Stored items:
# # # #

lemma wronskian_reduction:
  assumes \<phi>: "smooth_on_pos \<phi>" and \<psi>: "smooth_on_pos \<psi>" and x: "0 < x"
    and f0: "\<And>y. 0 < y \<Longrightarrow> f0 y = \<phi> y"
    and rel: "list_all2 (\<lambda>f (c, g). quotient_derivative \<phi> f c \<psi> g) (As @ Bs) cgs"
    and g: "\<And>cg. cg \<in> set cgs \<Longrightarrow> smooth_on_pos (snd cg)"
  shows "wronskian (As @ f0 # Bs) x =
    (-1) ^ length As * \<phi> x ^ Suc (length cgs) * \<psi> x ^ length cgs
      * prod_list (map fst cgs) * wronskian (map snd cgs) x"
proof -
  define quot where "quot = (\<lambda>(f :: real \<Rightarrow> real) y. f y / \<phi> y)"
  have len: "length As + length Bs = length cgs" using list_all2_lengthD[OF rel] by simp
  have rel_nth: "quotient_derivative \<phi> ((As @ Bs) ! j) (fst (cgs ! j)) \<psi> (snd (cgs ! j))"
    if "j < length cgs" for j
    using rel that by (auto simp: list_all2_conv_all_nth case_prod_beta)
  have quot: "smooth_on_pos (quot f) \<and> (\<forall>y>0. \<phi> y * quot f y = f y)" if f: "f \<in> set (As @ Bs)" for f
  proof -
    obtain j where "j < length cgs" and "f = (As @ Bs) ! j"
      using f[unfolded in_set_conv_nth] len by auto
    then show ?thesis using rel_nth by (auto simp: quotient_derivative_def quot_def)
  qed
  have "list_all2 (\<lambda>f g. \<forall>y>0. f y = g y) (As @ f0 # Bs)
          (map (\<lambda>q y. \<phi> y * q y) (map quot As @ (\<lambda>_. 1) # map quot Bs))"
    using quot f0 by (auto simp: list.rel_map list_all2_same intro!: list_all2_appendI)
  then have "wronskian (As @ f0 # Bs) x =
        wronskian (map (\<lambda>q y. \<phi> y * q y) (map quot As @ (\<lambda>_. 1) # map quot Bs)) x"
    using x by (rule wronskian_cong_pos)
  also have "\<dots> = \<phi> x ^ Suc (length cgs) * wronskian (map quot As @ (\<lambda>_. 1) # map quot Bs) x"
    using quot len by (subst wronskian_mult_common[OF \<phi> _ x]) (auto intro: smooth_on_pos_const)
  also have "wronskian (map quot As @ (\<lambda>_. 1) # map quot Bs) x =
             (-1) ^ length As * wronskian (map deriv (map quot (As @ Bs))) x"
    by (subst wronskian_const_column) (simp_all add: x)
  also have "map deriv (map quot (As @ Bs)) = map (\<lambda>j. deriv (quot ((As @ Bs) ! j))) [0..<length cgs]"
    by (rule nth_equalityI) (simp_all add: len del: map_append)
  also have "wronskian \<dots> x = wronskian (map (\<lambda>cg y. fst cg * (\<psi> y * snd cg y)) cgs) x"
    using rel_nth len x
    by (intro wronskian_cong_pos)
       (auto simp: list_all2_conv_all_nth quotient_derivative_def quot_def case_prod_beta)
  also have "\<dots> = prod_list (map fst cgs) * wronskian (map (\<lambda>g y. \<psi> y * g y) (map snd cgs)) x"
  proof -
    have "smooth_on_pos (snd cg)" if "cg \<in> set (map (\<lambda>cg. (fst cg, \<lambda>y. \<psi> y * snd cg y)) cgs)" for cg
      using that g by (auto intro!: smooth_on_pos_mult \<psi>)
    from wronskian_scale_columns[of "map (\<lambda>cg. (fst cg, \<lambda>y. \<psi> y * snd cg y)) cgs", OF this x]
    show ?thesis by (simp add: comp_def)
  qed
  also have "wronskian (map (\<lambda>g y. \<psi> y * g y) (map snd cgs)) x =
      \<psi> x ^ length cgs * wronskian (map snd cgs) x"
    using g by (subst wronskian_mult_common[OF \<psi> _ x]) auto
  finally show ?thesis by (simp add: mult_ac)
qed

# # # #

* _Activity_
Exactly as written, output all of the entries.

* _Worked solution_
lemma wronskian_reduction:
  assumes \<phi>: "smooth_on_pos \<phi>" and \<psi>: "smooth_on_pos \<psi>" and x: "0 < x"
    and f0: "\<And>y. 0 < y \<Longrightarrow> f0 y = \<phi> y"
    and rel: "list_all2 (\<lambda>f (c, g). quotient_derivative \<phi> f c \<psi> g) (As @ Bs) cgs"
    and g: "\<And>cg. cg \<in> set cgs \<Longrightarrow> smooth_on_pos (snd cg)"
  shows "wronskian (As @ f0 # Bs) x =
    (-1) ^ length As * \<phi> x ^ Suc (length cgs) * \<psi> x ^ length cgs
      * prod_list (map fst cgs) * wronskian (map snd cgs) x"
proof -
  define quot where "quot = (\<lambda>(f :: real \<Rightarrow> real) y. f y / \<phi> y)"
  have len: "length As + length Bs = length cgs" using list_all2_lengthD[OF rel] by simp
  have rel_nth: "quotient_derivative \<phi> ((As @ Bs) ! j) (fst (cgs ! j)) \<psi> (snd (cgs ! j))"
    if "j < length cgs" for j
    using rel that by (auto simp: list_all2_conv_all_nth case_prod_beta)
  have quot: "smooth_on_pos (quot f) \<and> (\<forall>y>0. \<phi> y * quot f y = f y)" if f: "f \<in> set (As @ Bs)" for f
  proof -
    obtain j where "j < length cgs" and "f = (As @ Bs) ! j"
      using f[unfolded in_set_conv_nth] len by auto
    then show ?thesis using rel_nth by (auto simp: quotient_derivative_def quot_def)
  qed
  have "list_all2 (\<lambda>f g. \<forall>y>0. f y = g y) (As @ f0 # Bs)
          (map (\<lambda>q y. \<phi> y * q y) (map quot As @ (\<lambda>_. 1) # map quot Bs))"
    using quot f0 by (auto simp: list.rel_map list_all2_same intro!: list_all2_appendI)
  then have "wronskian (As @ f0 # Bs) x =
        wronskian (map (\<lambda>q y. \<phi> y * q y) (map quot As @ (\<lambda>_. 1) # map quot Bs)) x"
    using x by (rule wronskian_cong_pos)
  also have "\<dots> = \<phi> x ^ Suc (length cgs) * wronskian (map quot As @ (\<lambda>_. 1) # map quot Bs) x"
    using quot len by (subst wronskian_mult_common[OF \<phi> _ x]) (auto intro: smooth_on_pos_const)
  also have "wronskian (map quot As @ (\<lambda>_. 1) # map quot Bs) x =
             (-1) ^ length As * wronskian (map deriv (map quot (As @ Bs))) x"
    by (subst wronskian_const_column) (simp_all add: x)
  also have "map deriv (map quot (As @ Bs)) = map (\<lambda>j. deriv (quot ((As @ Bs) ! j))) [0..<length cgs]"
    by (rule nth_equalityI) (simp_all add: len del: map_append)
  also have "wronskian \<dots> x = wronskian (map (\<lambda>cg y. fst cg * (\<psi> y * snd cg y)) cgs) x"
    using rel_nth len x
    by (intro wronskian_cong_pos)
       (auto simp: list_all2_conv_all_nth quotient_derivative_def quot_def case_prod_beta)
  also have "\<dots> = prod_list (map fst cgs) * wronskian (map (\<lambda>g y. \<psi> y * g y) (map snd cgs)) x"
  proof -
    have "smooth_on_pos (snd cg)" if "cg \<in> set (map (\<lambda>cg. (fst cg, \<lambda>y. \<psi> y * snd cg y)) cgs)" for cg
      using that g by (auto intro!: smooth_on_pos_mult \<psi>)
    from wronskian_scale_columns[of "map (\<lambda>cg. (fst cg, \<lambda>y. \<psi> y * snd cg y)) cgs", OF this x]
    show ?thesis by (simp add: comp_def)
  qed
  also have "wronskian (map (\<lambda>g y. \<psi> y * g y) (map snd cgs)) x =
      \<psi> x ^ length cgs * wronskian (map snd cgs) x"
    using g by (subst wronskian_mult_common[OF \<psi> _ x]) auto
  finally show ?thesis by (simp add: mult_ac)
qed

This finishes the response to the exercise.